**Raw data**
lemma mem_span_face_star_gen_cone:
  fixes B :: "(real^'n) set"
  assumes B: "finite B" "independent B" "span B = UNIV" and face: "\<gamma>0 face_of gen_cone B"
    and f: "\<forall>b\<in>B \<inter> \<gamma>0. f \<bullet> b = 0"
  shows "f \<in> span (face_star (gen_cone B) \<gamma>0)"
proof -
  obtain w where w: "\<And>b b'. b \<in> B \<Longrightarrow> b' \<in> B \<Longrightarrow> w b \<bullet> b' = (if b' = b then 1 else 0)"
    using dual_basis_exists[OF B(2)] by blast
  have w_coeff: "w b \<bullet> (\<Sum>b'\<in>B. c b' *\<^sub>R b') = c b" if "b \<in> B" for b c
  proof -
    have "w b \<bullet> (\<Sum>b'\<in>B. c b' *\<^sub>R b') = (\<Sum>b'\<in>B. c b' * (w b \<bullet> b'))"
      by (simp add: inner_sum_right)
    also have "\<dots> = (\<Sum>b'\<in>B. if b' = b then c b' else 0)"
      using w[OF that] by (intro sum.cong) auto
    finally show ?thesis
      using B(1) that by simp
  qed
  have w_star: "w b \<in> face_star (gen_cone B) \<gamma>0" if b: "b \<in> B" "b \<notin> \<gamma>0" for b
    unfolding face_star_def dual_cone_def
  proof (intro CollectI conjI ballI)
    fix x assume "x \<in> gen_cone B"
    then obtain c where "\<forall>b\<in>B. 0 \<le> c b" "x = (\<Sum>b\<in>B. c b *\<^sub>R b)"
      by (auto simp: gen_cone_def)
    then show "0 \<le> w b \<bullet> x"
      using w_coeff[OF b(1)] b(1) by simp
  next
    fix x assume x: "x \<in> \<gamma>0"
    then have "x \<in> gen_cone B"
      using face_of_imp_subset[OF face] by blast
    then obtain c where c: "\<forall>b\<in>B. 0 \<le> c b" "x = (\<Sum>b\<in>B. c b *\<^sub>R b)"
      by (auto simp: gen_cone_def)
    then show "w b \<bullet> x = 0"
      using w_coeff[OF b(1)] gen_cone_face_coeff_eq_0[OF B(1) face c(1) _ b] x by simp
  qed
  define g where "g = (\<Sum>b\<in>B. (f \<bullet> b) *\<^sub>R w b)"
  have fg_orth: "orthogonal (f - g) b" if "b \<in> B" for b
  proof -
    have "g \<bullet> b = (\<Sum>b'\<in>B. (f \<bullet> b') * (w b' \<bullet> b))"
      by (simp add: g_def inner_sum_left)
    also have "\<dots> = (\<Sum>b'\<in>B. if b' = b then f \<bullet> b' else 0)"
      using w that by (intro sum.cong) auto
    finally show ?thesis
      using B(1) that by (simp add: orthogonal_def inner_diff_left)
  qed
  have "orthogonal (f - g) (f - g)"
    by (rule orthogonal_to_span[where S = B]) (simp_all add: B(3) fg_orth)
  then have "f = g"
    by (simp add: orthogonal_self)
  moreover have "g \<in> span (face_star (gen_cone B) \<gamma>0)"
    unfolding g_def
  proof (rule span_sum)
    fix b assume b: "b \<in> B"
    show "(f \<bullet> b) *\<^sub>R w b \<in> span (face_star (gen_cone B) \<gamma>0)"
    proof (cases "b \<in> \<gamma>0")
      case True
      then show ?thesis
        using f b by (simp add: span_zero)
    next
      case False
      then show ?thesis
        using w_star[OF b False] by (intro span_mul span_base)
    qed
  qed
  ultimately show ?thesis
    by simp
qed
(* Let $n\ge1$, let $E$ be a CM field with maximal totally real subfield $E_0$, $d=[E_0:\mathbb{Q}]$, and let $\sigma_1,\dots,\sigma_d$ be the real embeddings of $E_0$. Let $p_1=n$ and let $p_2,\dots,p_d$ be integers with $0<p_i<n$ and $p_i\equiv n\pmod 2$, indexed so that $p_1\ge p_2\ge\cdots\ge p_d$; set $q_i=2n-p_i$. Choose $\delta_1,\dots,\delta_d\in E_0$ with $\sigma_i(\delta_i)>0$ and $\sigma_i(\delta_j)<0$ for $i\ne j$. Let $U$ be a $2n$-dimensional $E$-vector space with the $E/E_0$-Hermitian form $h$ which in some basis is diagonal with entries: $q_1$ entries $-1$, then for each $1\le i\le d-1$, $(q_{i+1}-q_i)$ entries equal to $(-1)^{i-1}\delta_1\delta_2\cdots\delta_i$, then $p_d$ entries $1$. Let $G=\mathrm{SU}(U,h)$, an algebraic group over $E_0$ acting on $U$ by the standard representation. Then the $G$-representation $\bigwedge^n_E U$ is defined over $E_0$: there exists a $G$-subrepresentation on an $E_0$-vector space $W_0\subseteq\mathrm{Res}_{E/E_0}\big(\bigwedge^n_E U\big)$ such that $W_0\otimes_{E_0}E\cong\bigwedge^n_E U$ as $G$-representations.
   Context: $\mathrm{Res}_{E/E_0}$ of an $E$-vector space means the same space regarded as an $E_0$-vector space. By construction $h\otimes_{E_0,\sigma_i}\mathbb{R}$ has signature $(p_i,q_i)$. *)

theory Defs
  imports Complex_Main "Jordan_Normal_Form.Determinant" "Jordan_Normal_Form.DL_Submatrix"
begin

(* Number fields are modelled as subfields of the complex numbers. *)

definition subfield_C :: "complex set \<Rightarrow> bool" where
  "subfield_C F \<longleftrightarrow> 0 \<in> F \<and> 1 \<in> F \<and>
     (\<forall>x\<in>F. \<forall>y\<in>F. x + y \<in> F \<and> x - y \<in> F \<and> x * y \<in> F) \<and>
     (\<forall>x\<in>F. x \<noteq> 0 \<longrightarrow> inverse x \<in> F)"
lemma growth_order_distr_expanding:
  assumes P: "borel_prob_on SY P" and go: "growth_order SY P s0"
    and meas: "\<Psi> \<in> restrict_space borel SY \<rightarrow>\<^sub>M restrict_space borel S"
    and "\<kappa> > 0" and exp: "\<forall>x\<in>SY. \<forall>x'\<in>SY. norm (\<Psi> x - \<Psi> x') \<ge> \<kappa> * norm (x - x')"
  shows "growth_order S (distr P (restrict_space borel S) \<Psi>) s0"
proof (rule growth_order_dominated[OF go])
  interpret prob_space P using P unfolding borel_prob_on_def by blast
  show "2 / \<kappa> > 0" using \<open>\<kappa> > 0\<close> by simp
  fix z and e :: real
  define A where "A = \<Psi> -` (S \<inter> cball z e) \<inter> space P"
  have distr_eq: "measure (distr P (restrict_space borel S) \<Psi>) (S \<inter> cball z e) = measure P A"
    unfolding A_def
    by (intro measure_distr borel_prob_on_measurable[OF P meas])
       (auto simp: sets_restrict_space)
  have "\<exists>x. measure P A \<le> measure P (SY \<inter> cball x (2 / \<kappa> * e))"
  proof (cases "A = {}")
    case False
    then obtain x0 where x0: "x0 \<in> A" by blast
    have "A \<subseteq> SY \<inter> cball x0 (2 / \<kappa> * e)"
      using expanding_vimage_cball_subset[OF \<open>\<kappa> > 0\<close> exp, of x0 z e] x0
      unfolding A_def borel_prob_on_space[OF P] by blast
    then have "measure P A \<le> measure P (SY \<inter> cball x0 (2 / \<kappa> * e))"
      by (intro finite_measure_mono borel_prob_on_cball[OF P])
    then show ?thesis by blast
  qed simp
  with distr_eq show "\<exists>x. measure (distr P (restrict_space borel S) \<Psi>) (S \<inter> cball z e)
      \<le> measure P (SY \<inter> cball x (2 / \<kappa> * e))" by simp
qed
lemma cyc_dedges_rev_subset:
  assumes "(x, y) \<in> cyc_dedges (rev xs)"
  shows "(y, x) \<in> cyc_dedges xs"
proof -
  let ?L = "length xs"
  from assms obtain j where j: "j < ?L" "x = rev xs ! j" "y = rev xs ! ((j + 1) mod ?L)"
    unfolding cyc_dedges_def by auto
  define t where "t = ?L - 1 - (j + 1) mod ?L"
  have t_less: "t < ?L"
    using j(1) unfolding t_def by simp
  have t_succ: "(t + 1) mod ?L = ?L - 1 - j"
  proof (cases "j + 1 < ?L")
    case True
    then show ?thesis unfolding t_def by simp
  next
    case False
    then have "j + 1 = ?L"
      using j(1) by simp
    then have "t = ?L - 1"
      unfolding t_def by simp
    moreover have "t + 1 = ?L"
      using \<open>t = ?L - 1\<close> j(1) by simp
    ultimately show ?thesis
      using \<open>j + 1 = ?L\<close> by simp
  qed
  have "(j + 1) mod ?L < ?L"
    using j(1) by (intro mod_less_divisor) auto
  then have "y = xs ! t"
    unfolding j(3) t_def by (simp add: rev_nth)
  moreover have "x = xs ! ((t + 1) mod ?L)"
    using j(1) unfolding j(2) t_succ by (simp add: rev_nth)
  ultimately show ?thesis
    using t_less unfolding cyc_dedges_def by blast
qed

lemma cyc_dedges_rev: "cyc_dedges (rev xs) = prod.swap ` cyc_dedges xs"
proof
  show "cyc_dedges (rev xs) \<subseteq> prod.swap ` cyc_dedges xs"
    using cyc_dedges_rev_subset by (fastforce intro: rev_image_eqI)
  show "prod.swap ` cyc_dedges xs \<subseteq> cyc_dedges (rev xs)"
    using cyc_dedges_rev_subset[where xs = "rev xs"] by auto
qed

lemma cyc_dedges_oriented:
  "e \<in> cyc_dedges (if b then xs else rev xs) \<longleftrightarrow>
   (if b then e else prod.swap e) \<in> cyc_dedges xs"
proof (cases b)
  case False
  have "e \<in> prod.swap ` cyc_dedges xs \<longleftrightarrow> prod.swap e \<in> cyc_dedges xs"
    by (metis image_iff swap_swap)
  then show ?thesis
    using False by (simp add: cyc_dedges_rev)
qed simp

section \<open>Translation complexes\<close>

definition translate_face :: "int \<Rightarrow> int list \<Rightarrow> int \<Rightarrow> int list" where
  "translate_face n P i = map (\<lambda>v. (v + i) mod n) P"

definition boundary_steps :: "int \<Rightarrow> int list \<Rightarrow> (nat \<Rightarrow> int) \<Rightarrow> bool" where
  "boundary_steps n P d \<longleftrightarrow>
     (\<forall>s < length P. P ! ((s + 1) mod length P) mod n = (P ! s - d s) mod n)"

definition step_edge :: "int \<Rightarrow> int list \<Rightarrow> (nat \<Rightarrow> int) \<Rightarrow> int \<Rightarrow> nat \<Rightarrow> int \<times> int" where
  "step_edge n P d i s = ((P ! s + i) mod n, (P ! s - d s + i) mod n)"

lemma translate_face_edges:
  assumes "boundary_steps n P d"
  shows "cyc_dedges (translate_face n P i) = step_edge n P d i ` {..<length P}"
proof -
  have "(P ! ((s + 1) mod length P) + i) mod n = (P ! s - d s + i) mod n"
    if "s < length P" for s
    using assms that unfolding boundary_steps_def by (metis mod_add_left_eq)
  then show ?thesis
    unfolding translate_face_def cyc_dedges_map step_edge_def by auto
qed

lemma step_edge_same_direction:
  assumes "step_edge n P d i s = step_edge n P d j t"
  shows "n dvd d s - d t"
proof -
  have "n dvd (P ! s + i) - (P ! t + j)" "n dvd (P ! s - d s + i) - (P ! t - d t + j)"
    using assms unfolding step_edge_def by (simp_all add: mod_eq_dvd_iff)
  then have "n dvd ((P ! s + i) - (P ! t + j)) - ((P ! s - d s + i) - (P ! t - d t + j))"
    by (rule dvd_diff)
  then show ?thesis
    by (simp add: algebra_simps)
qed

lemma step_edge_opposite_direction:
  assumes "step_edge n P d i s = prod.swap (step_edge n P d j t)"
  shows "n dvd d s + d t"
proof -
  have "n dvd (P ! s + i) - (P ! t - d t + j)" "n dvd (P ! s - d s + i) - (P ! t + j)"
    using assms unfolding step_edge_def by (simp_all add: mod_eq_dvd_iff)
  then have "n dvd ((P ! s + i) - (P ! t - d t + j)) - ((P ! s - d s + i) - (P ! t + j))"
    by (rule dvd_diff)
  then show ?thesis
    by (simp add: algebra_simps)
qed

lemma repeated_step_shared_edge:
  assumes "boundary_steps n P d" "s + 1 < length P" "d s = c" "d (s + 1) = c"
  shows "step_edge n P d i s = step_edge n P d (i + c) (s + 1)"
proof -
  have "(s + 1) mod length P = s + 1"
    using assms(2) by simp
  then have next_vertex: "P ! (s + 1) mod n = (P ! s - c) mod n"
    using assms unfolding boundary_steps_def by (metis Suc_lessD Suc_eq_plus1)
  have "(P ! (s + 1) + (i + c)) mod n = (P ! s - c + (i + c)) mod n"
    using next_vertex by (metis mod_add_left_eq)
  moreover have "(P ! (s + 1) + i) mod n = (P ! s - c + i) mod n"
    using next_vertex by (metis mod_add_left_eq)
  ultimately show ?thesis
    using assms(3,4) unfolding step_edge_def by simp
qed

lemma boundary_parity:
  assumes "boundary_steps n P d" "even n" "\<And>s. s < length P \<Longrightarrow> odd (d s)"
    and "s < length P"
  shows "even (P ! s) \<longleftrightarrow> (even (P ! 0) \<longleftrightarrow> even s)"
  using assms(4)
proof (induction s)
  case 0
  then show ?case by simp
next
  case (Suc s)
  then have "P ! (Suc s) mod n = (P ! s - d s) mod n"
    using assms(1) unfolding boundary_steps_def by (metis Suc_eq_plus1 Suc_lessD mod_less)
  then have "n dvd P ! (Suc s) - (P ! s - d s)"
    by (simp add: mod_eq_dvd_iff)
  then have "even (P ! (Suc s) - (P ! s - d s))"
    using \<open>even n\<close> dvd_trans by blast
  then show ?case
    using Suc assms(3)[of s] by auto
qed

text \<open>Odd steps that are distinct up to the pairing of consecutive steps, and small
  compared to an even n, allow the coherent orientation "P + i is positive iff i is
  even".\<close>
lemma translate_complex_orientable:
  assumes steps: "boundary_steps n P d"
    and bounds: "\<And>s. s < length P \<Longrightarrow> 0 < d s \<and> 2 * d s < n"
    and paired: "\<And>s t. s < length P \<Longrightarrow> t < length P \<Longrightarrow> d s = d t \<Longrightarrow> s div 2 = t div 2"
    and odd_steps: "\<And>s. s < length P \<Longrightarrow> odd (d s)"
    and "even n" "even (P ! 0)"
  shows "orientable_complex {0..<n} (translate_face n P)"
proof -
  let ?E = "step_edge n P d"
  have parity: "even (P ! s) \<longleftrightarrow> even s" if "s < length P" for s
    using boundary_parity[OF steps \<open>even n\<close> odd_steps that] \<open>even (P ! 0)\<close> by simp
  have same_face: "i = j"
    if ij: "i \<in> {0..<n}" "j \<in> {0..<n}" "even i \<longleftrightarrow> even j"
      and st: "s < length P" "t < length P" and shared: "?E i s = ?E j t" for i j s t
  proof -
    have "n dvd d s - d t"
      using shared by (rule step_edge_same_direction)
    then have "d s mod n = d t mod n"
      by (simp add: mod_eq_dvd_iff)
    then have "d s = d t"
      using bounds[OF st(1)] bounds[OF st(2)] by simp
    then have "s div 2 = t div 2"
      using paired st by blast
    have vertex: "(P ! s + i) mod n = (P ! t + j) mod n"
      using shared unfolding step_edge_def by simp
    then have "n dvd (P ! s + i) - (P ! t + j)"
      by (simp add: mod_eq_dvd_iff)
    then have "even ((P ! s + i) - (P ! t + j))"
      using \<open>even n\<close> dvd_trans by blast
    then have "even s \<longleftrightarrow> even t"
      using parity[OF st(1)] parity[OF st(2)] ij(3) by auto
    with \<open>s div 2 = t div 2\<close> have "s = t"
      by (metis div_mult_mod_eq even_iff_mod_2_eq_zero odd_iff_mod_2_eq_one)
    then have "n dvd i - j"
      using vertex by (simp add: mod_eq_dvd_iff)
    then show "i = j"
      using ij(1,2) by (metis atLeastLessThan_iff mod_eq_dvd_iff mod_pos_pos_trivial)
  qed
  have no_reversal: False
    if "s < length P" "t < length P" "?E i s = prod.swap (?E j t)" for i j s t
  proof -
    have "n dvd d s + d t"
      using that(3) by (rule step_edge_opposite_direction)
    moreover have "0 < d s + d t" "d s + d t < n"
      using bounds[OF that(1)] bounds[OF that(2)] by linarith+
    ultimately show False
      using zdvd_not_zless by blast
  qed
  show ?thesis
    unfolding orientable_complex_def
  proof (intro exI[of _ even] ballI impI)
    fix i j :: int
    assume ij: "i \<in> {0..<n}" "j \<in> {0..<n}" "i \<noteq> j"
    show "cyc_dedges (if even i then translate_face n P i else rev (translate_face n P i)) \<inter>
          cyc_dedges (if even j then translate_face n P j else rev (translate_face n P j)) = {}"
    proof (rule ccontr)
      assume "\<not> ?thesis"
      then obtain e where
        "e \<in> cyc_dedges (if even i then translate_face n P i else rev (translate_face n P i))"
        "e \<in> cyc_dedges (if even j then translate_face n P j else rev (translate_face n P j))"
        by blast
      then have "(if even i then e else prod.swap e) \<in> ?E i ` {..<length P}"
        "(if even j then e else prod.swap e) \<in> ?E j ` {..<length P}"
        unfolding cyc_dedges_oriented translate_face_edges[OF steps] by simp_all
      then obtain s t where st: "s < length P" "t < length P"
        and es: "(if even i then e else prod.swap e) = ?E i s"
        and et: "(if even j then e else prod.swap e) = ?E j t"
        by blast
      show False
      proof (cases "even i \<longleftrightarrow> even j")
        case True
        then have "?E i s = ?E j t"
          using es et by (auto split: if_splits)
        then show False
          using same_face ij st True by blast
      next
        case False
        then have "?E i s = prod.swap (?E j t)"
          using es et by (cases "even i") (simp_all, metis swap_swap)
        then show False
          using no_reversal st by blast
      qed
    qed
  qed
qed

**What you are asked to do**
Only lines that contain the string "False" count; pick each one out of the records and copy it.

**Written response**
      case False
        using w_star[OF b False] by (intro span_mul span_base)
    case False
    case False
  case False
    using False by (simp add: cyc_dedges_rev)
  have no_reversal: False
    ultimately show False
      show False
        then show False
        case False
        then show False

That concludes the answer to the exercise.